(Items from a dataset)
(* Let $E_1,\dots,E_m$ be mutually independent events on a probability space, and for $\mathcal S\subseteq[m]$ let $U(\mathcal S)=\mathbf P\big(\bigcup_{i\in\mathcal S}E_i\big)$. Let $1\le k\le m$ and let $\mathcal S_G=\{f_1,\dots,f_k\}$ be a greedy solution, defined by $\mathcal S_G^0=\emptyset$, $\mathcal S_G^i=\mathcal S_G^{i-1}\cup\{f_i\}$, where $$f_i\in\arg\max_{f\in[m]\setminus\mathcal S_G^{i-1}}\Big(U(\mathcal S_G^{i-1}\cup\{f\})-U(\mathcal S_G^{i-1})\Big),\quad 1\le i\le k,$$ and $\mathcal S_G=\mathcal S_G^k$. Then $\mathcal S_G$ maximizes $U(\mathcal S)$ over all $\mathcal S\subseteq[m]$ with $|\mathcal S|=k$, i.e. $\mathcal S_G$ equals an optimal $k$-element solution. *)

theory Defs
  imports "HOL-Probability.Probability"
begin

definition union_prob :: "'a measure \<Rightarrow> (nat \<Rightarrow> 'a set) \<Rightarrow> nat set \<Rightarrow> real" where
  "union_prob M E S = measure M (\<Union>i\<in>S. E i)"

definition greedy_seq :: "'a measure \<Rightarrow> (nat \<Rightarrow> 'a set) \<Rightarrow> nat \<Rightarrow> nat \<Rightarrow> (nat \<Rightarrow> nat) \<Rightarrow> bool" where
  "greedy_seq M E m k f \<longleftrightarrow>
     (\<forall>i\<in>{1..k}.
        f i \<in> {1..m} - f ` {1..<i} \<and>
        (\<forall>g\<in>{1..m} - f ` {1..<i}.
           union_prob M E (f ` {1..<i} \<union> {g}) - union_prob M E (f ` {1..<i})
             \<le> union_prob M E (f ` {1..<i} \<union> {f i}) - union_prob M E (f ` {1..<i})))"

end

theory Submission
  imports Defs
begin

text \<open>For independent events the complements are independent as well, so
  \<open>U(S) = 1 - \<Prod>i\<in>S. (1 - P(E i))\<close>. The marginal gain of adding \<open>g\<close> to \<open>T\<close> is then
  \<open>(\<Prod>i\<in>T. 1 - P(E i)) \<cdot> P(E g)\<close>, so as long as the union of the events picked so far
  is not almost sure, the greedy choice is an event of largest probability. Hence the greedy
  set minimizes the product \<open>\<Prod>i\<in>S. (1 - P(E i))\<close> over all \<open>k\<close>-sets, by an exchange
  argument; once the product has dropped to zero it is minimal anyway.\<close>

lemma fresh_picks_inj_on:
  fixes f :: "nat \<Rightarrow> 'b"
  assumes "\<And>i. i \<in> {1..k} \<Longrightarrow> f i \<notin> f ` {1..<i}"
  shows "inj_on f {1..k}"
proof (rule linorder_inj_onI')
  fix i j assume "i \<in> {1..k}" "j \<in> {1..k}" "i < j"
  then have "f i \<in> f ` {1..<j}" by auto
  then show "f i \<noteq> f j" using assms[of j] \<open>j \<in> {1..k}\<close> by auto
qed

lemma prod_greedy_le_prod:
  fixes q :: "'b \<Rightarrow> 'c::linordered_idom" and f :: "nat \<Rightarrow> 'b"
  assumes nonneg: "\<And>a. a \<in> A \<Longrightarrow> 0 \<le> q a"
    and fresh: "\<And>i. i \<in> {1..k} \<Longrightarrow> f i \<in> A - f ` {1..<i}"
    and least: "\<And>i g. i \<in> {1..k} \<Longrightarrow> g \<in> A - f ` {1..<i} \<Longrightarrow>
        0 < prod q (f ` {1..<i}) \<Longrightarrow> q (f i) \<le> q g"
    and "S \<subseteq> A" "card S = k"
  shows "prod q (f ` {1..k}) \<le> prod q S"
  using assms(4,5) fresh least
proof (induction k arbitrary: S)
  case 0
  then show ?case by (cases "finite S") auto
next
  case (Suc k)
  let ?F = "f ` {1..k}"
  have finite_S: "finite S" using Suc.prems(2) by (simp add: card_ge_0_finite)
  have "card ?F < card S"
    using Suc.prems(2) card_image_le[of "{1..k}" f] by simp
  then have "\<not> S \<subseteq> ?F" using card_mono[of ?F S] by auto
  then obtain s where s: "s \<in> S" "s \<notin> ?F" by blast
  have F_le: "prod q ?F \<le> prod q (S - {s})"
    using Suc.prems s finite_S by (intro Suc.IH) auto
  have fresh_last: "f (Suc k) \<in> A - ?F"
    using Suc.prems(3)[of "Suc k"] by (simp add: atLeastLessThanSuc_atLeastAtMost)
  have F_nonneg: "0 \<le> prod q ?F"
    using Suc.prems(3) nonneg by (intro prod_nonneg) (force simp: atLeastLessThanSuc_atLeastAtMost)
  have split_F: "prod q (f ` {1..Suc k}) = q (f (Suc k)) * prod q ?F"
    using fresh_last by (simp add: atLeastAtMostSuc_conv)
  have split_S: "prod q S = q s * prod q (S - {s})"
    using finite_S s(1) by (simp add: prod.remove)
  show ?case
  proof (cases "prod q ?F = 0")
    case True
    have "0 \<le> prod q S" using Suc.prems(1) nonneg by (intro prod_nonneg) auto
    then show ?thesis unfolding split_F True by simp
  next
    case False
    then have "0 < prod q ?F" using F_nonneg by linarith
    then have "q (f (Suc k)) \<le> q s"
      using Suc.prems s by (intro Suc.prems(4)[of "Suc k"])
        (auto simp: atLeastLessThanSuc_atLeastAtMost)
    then show ?thesis
      unfolding split_F split_S
      using F_le F_nonneg nonneg[of s] s Suc.prems(1) by (intro mult_mono) auto
  qed
qed

context prob_space
begin

lemma union_prob_indep_events:
  assumes "indep_events E I" "S \<subseteq> I" "finite S"
  shows "union_prob M E S = 1 - (\<Prod>i\<in>S. 1 - prob (E i))"
proof (cases "S = {}")
  case True
  then show ?thesis by (simp add: union_prob_def)
next
  case False
  have events: "E i \<in> events" if "i \<in> I" for i
    using assms(1) that unfolding indep_events_def by blast
  have "indep_sets (\<lambda>i. sigma_sets (space M) {E i}) I"
    using assms(1) unfolding indep_events_def_alt
    by (rule indep_sets_sigma) (auto simp: Int_stable_def)
  then have "prob (\<Inter>i\<in>S. space M - E i) = (\<Prod>i\<in>S. prob (space M - E i))"
    using assms(2) False assms(3) by (rule indep_setsD) (auto intro: sigma_sets.Compl sigma_sets.Basic)
  also have "\<dots> = (\<Prod>i\<in>S. 1 - prob (E i))"
    using assms(2) events by (intro prod.cong) (auto simp: prob_compl)
  finally have complements: "prob (\<Inter>i\<in>S. space M - E i) = (\<Prod>i\<in>S. 1 - prob (E i))" .
  have "(\<Union>i\<in>S. E i) = space M - (\<Inter>i\<in>S. space M - E i)"
    using assms(2) events False sets.sets_into_space by blast
  moreover have "(\<Inter>i\<in>S. space M - E i) \<in> events"
    using assms(2,3) events False by (intro sets.finite_INT) auto
  ultimately have "prob (\<Union>i\<in>S. E i) = 1 - prob (\<Inter>i\<in>S. space M - E i)"
    by (simp only: prob_compl)
  then show ?thesis
    unfolding union_prob_def complements .
qed

lemma union_prob_insert_indep_events:
  assumes "indep_events E I" "T \<subseteq> I" "finite T" "g \<in> I - T"
  shows "union_prob M E (T \<union> {g}) - union_prob M E T = (\<Prod>i\<in>T. 1 - prob (E i)) * prob (E g)"
  using assms union_prob_indep_events[OF assms(1), of T] union_prob_indep_events[OF assms(1), of "T \<union> {g}"]
  by (simp add: algebra_simps)

lemma greedy_seq_picks_most_likely:
  assumes "indep_events E {1..m}" "greedy_seq M E m k f" "i \<in> {1..k}" "g \<in> {1..m} - f ` {1..<i}"
    and "union_prob M E (f ` {1..<i}) < 1"
  shows "prob (E g) \<le> prob (E (f i))"
proof -
  let ?T = "f ` {1..<i}"
  have greedy: "f j \<in> {1..m} - f ` {1..<j}" if "j \<in> {1..i}" for j
    using assms(2,3) that unfolding greedy_seq_def by auto
  have T_sub: "?T \<subseteq> {1..m}" using greedy by force
  have fresh: "f i \<in> {1..m} - ?T" using greedy assms(3) by auto
  have gain: "union_prob M E (?T \<union> {h}) - union_prob M E ?T = (\<Prod>j\<in>?T. 1 - prob (E j)) * prob (E h)"
    if "h \<in> {1..m} - ?T" for h
    using union_prob_insert_indep_events[OF assms(1) T_sub _ that] by simp
  have "union_prob M E (?T \<union> {g}) - union_prob M E ?T
      \<le> union_prob M E (?T \<union> {f i}) - union_prob M E ?T"
    using assms(2-4) unfolding greedy_seq_def by blast
  then have "(\<Prod>j\<in>?T. 1 - prob (E j)) * prob (E g) \<le> (\<Prod>j\<in>?T. 1 - prob (E j)) * prob (E (f i))"
    unfolding gain[OF assms(4)] gain[OF fresh] .
  moreover have "0 < (\<Prod>j\<in>?T. 1 - prob (E j))"
    using assms(5) T_sub union_prob_indep_events[OF assms(1), of ?T] by simp
  ultimately show ?thesis by simp
qed

end

theorem lemma2:
  fixes M :: "'a measure" and E :: "nat \<Rightarrow> 'a set" and m k :: nat and f :: "nat \<Rightarrow> nat"
  assumes "prob_space M"
    and "\<And>i. i \<in> {1..m} \<Longrightarrow> E i \<in> sets M"
    and "prob_space.indep_events M E {1..m}"
    and "1 \<le> k" and "k \<le> m"
    and "greedy_seq M E m k f"
  shows "f ` {1..k} \<subseteq> {1..m} \<and> card (f ` {1..k}) = k \<and>
         (\<forall>S. S \<subseteq> {1..m} \<and> card S = k \<longrightarrow> union_prob M E S \<le> union_prob M E (f ` {1..k}))"
proof -
  interpret prob_space M by (rule assms(1))
  define q where "q i = 1 - prob (E i)" for i
  have U: "union_prob M E S = 1 - prod q S" if "S \<subseteq> {1..m}" for S
    unfolding q_def using union_prob_indep_events[OF assms(3) that] that finite_subset by blast
  have fresh: "f i \<in> {1..m} - f ` {1..<i}" if "i \<in> {1..k}" for i
    using assms(6) that unfolding greedy_seq_def by blast
  then have F_sub: "f ` {1..k} \<subseteq> {1..m}" by force
  have "inj_on f {1..k}"
    by (rule fresh_picks_inj_on) (use fresh in blast)
  then have "card (f ` {1..k}) = k" by (simp add: card_image)
  moreover have "prod q (f ` {1..k}) \<le> prod q S" if "S \<subseteq> {1..m}" "card S = k" for S
  proof (rule prod_greedy_le_prod[OF _ fresh _ that])
    show "q (f i) \<le> q g" if "i \<in> {1..k}" "g \<in> {1..m} - f ` {1..<i}" "0 < prod q (f ` {1..<i})" for i g
      using greedy_seq_picks_most_likely[OF assms(3,6) that(1,2)] that U[of "f ` {1..<i}"] fresh
      unfolding q_def by force
  qed (simp add: q_def)
  ultimately show ?thesis using F_sub U by auto
qed

end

_About this exercise_. Transcribe, exactly and without additions, the lines of the records above, beginning with the line that contains "card_mono[of ?F S] by auto" and ending with the line that contains "(Suc k)) \<le>", both included.

_Result for this exercise_.
  then have "\<not> S \<subseteq> ?F" using card_mono[of ?F S] by auto
  then obtain s where s: "s \<in> S" "s \<notin> ?F" by blast
  have F_le: "prod q ?F \<le> prod q (S - {s})"
    using Suc.prems s finite_S by (intro Suc.IH) auto
  have fresh_last: "f (Suc k) \<in> A - ?F"
    using Suc.prems(3)[of "Suc k"] by (simp add: atLeastLessThanSuc_atLeastAtMost)
  have F_nonneg: "0 \<le> prod q ?F"
    using Suc.prems(3) nonneg by (intro prod_nonneg) (force simp: atLeastLessThanSuc_atLeastAtMost)
  have split_F: "prod q (f ` {1..Suc k}) = q (f (Suc k)) * prod q ?F"
    using fresh_last by (simp add: atLeastAtMostSuc_conv)
  have split_S: "prod q S = q s * prod q (S - {s})"
    using finite_S s(1) by (simp add: prod.remove)
  show ?case
  proof (cases "prod q ?F = 0")
    case True
    have "0 \<le> prod q S" using Suc.prems(1) nonneg by (intro prod_nonneg) auto
    then show ?thesis unfolding split_F True by simp
  next
    case False
    then have "0 < prod q ?F" using F_nonneg by linarith
    then have "q (f (Suc k)) \<le> q s"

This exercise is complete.